### [Input records]
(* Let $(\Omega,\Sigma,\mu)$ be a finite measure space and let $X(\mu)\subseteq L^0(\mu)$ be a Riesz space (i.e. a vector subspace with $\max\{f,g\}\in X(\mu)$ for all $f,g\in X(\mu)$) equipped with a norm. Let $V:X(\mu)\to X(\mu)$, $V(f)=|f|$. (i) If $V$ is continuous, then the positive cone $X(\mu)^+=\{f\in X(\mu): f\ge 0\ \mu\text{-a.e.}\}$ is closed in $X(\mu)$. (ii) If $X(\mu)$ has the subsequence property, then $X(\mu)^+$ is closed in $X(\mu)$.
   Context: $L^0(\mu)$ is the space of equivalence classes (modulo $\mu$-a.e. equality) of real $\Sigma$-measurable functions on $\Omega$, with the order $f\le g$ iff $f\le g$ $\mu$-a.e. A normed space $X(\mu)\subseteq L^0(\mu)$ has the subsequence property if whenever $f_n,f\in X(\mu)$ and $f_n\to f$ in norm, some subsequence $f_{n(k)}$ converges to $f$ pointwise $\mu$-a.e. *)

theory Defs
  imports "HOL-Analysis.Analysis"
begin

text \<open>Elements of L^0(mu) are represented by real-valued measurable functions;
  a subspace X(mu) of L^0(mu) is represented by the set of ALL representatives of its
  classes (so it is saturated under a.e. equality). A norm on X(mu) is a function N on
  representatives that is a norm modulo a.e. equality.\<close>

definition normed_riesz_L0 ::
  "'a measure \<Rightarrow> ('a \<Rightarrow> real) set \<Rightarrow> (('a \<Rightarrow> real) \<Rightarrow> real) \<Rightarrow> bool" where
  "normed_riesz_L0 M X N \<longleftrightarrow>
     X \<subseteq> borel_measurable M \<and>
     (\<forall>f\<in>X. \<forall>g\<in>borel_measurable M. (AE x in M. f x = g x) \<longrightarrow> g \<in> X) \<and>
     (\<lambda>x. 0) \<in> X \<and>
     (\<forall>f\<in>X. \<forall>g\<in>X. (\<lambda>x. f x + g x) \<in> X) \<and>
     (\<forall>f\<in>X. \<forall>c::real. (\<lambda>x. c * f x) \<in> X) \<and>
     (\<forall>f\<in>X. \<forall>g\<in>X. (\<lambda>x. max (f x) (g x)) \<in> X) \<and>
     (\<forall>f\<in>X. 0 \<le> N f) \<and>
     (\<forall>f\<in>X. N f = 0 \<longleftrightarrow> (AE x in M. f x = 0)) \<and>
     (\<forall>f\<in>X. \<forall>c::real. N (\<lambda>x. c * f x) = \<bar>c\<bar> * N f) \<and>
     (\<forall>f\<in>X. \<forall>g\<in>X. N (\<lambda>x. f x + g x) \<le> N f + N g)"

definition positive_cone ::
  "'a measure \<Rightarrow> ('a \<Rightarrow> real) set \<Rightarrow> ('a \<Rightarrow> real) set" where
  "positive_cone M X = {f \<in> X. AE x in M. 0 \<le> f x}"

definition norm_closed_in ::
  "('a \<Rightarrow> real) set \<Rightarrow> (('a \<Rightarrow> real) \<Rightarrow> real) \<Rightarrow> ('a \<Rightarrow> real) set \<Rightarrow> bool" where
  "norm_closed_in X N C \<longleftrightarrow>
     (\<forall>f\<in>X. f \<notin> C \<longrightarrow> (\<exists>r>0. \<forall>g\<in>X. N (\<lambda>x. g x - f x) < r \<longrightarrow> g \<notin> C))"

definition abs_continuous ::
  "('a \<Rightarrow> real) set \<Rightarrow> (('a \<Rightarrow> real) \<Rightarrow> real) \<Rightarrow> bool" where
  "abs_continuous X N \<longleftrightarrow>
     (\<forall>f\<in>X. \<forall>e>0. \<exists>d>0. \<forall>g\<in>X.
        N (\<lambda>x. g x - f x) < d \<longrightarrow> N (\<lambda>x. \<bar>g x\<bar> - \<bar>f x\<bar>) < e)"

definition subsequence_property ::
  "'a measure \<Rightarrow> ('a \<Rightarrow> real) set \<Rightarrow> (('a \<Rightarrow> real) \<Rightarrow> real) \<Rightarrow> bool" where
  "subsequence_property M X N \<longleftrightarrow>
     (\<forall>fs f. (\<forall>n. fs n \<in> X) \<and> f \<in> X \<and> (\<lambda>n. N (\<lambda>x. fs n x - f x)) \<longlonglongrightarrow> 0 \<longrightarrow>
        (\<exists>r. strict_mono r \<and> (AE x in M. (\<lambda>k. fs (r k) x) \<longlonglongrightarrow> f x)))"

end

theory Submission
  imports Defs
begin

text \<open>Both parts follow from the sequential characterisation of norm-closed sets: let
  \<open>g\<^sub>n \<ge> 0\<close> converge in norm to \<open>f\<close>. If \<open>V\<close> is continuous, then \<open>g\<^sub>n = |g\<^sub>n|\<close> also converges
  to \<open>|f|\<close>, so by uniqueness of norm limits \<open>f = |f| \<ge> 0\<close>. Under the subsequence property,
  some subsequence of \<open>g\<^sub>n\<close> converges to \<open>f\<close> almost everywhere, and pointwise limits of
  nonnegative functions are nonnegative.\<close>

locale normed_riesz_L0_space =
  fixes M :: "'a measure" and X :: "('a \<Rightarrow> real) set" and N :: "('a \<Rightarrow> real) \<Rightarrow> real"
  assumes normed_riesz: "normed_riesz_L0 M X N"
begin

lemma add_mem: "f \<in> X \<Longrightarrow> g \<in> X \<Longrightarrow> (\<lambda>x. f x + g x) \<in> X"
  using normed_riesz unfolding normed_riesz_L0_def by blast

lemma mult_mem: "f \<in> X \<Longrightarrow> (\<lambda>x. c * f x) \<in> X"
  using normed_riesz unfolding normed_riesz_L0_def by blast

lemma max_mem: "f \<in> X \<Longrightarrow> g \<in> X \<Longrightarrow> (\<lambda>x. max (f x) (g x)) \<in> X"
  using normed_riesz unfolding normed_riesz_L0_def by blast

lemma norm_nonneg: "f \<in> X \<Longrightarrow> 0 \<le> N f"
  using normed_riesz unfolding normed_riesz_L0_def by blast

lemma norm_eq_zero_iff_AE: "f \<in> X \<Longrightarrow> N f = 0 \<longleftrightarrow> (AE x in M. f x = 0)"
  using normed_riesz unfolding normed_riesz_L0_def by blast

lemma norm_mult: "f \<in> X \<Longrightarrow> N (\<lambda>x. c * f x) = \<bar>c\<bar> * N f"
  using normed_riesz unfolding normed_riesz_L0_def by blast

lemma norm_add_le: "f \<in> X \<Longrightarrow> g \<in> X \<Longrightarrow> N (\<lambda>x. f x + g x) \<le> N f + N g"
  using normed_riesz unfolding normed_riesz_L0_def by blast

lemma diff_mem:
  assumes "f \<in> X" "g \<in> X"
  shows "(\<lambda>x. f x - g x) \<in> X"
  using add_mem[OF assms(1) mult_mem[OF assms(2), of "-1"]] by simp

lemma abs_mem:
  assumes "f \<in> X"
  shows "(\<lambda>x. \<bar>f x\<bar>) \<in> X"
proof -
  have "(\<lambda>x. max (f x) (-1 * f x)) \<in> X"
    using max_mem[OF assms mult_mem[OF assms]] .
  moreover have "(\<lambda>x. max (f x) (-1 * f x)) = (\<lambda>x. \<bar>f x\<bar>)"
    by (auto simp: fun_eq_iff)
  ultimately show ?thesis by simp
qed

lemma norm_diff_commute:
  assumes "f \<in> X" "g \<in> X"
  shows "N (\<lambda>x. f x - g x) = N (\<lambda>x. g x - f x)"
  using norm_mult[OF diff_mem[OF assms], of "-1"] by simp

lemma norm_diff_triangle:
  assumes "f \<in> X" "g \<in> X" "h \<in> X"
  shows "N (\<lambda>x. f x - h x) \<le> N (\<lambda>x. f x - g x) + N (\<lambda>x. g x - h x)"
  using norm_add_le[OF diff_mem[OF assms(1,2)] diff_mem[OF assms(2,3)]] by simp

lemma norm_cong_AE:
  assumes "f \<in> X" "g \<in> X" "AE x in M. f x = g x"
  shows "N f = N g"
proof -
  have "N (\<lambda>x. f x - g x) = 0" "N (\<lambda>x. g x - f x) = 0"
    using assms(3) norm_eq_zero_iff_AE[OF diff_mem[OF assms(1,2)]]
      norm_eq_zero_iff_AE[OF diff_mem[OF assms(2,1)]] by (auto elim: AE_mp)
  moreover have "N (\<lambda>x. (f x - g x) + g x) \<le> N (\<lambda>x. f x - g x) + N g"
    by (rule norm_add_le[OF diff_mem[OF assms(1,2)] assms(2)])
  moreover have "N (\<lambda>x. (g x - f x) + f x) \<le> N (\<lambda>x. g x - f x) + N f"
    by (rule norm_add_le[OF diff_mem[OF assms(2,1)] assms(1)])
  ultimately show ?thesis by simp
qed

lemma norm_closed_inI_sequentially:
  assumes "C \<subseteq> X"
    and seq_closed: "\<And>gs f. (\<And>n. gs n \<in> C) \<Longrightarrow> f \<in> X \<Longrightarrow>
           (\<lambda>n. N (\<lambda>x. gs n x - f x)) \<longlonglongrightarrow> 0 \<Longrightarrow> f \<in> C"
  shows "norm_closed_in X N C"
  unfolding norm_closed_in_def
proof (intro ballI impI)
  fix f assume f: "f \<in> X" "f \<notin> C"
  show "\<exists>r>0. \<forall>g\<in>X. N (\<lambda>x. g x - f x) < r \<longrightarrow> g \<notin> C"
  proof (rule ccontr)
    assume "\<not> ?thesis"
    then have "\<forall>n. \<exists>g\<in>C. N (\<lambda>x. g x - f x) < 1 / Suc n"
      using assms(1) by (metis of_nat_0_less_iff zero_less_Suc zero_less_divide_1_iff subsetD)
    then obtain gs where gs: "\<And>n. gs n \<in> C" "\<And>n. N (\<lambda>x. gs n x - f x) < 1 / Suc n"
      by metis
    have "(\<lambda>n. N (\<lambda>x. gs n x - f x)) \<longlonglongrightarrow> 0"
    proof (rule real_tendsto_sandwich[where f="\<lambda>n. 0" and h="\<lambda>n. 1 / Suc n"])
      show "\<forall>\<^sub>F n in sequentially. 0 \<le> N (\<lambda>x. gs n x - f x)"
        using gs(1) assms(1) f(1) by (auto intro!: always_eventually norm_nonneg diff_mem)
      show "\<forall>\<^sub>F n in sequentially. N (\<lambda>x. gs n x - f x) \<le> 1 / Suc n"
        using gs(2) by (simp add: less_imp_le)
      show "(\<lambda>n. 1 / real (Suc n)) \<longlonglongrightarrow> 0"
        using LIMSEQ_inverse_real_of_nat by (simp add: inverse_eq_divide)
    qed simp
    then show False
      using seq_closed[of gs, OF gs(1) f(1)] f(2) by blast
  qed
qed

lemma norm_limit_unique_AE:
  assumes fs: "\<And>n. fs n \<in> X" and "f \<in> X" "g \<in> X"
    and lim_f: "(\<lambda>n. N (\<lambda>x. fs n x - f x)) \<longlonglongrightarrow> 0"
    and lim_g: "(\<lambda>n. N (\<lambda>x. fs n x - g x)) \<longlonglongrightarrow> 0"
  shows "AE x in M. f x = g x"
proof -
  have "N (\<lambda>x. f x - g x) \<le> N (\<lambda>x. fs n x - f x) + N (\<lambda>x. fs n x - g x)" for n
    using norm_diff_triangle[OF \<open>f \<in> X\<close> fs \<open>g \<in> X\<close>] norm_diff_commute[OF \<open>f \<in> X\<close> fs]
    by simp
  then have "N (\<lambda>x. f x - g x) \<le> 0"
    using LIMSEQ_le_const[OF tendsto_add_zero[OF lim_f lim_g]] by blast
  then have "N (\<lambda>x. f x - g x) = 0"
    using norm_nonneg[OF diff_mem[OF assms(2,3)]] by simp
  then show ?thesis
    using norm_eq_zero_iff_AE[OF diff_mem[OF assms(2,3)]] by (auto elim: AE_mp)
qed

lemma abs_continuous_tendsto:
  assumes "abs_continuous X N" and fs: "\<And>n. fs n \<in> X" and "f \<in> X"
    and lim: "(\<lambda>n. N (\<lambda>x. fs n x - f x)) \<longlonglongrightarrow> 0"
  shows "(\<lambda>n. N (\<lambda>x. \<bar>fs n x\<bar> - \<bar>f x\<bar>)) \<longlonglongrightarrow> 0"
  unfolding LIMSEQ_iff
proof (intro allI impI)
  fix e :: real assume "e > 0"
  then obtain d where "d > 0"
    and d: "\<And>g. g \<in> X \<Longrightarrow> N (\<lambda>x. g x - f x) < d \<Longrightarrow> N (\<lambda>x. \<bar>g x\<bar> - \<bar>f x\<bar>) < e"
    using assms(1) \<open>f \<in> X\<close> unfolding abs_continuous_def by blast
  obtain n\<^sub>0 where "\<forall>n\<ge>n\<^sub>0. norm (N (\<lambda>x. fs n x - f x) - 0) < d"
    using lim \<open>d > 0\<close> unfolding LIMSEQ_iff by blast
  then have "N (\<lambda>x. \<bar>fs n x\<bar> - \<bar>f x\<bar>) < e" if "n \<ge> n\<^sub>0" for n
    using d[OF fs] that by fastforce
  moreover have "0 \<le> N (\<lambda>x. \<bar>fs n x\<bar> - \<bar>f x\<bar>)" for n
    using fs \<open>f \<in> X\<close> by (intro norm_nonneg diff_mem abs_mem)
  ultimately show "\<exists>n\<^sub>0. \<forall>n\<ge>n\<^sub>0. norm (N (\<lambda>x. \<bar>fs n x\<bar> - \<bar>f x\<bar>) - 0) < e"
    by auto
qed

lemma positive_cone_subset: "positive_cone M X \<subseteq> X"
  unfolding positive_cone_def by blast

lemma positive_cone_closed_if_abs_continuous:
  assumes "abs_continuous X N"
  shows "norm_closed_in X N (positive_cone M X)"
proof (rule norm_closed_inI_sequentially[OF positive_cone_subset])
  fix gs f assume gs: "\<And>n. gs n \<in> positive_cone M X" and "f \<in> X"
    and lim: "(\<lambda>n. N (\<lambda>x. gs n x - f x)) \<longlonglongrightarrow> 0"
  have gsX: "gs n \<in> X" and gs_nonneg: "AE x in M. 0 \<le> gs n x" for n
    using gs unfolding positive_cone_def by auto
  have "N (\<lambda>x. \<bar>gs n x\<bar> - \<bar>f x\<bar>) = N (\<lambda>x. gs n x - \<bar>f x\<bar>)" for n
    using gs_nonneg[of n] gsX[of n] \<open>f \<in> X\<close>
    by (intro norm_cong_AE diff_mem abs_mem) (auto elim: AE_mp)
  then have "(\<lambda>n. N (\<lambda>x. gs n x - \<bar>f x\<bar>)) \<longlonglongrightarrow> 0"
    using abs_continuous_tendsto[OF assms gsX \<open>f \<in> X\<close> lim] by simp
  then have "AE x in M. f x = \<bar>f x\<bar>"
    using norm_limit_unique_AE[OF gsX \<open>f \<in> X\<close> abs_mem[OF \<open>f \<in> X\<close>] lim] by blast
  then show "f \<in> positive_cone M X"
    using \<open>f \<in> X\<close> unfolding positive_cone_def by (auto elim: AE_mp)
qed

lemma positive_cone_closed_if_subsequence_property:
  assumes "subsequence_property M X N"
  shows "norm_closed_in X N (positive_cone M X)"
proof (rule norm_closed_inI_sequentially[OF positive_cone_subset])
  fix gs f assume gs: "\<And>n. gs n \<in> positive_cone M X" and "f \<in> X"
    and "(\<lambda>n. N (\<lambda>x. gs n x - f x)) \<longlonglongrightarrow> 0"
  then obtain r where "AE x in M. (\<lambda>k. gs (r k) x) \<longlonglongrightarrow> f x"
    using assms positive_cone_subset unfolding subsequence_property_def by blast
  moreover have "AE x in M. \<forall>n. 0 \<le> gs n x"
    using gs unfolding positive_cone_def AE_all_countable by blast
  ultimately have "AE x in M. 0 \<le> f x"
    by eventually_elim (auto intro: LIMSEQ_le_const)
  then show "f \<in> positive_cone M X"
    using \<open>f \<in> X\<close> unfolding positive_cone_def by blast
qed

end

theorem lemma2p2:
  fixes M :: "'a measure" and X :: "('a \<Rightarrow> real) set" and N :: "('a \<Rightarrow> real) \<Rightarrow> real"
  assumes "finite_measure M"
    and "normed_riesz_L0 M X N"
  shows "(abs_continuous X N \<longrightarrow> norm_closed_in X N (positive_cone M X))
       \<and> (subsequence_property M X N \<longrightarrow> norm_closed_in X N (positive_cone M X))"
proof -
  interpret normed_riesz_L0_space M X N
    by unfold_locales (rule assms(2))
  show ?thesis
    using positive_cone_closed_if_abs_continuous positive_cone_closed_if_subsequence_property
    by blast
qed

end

### [Task description]
For each line above that contains the word "ultimately", give the line as it is written.

### [Your solution]
  ultimately show ?thesis by simp
  ultimately show ?thesis by simp
  ultimately show "\<exists>n\<^sub>0. \<forall>n\<ge>n\<^sub>0. norm (N (\<lambda>x. \<bar>fs n x\<bar> - \<bar>f x\<bar>) - 0) < e"
  ultimately have "AE x in M. 0 \<le> f x"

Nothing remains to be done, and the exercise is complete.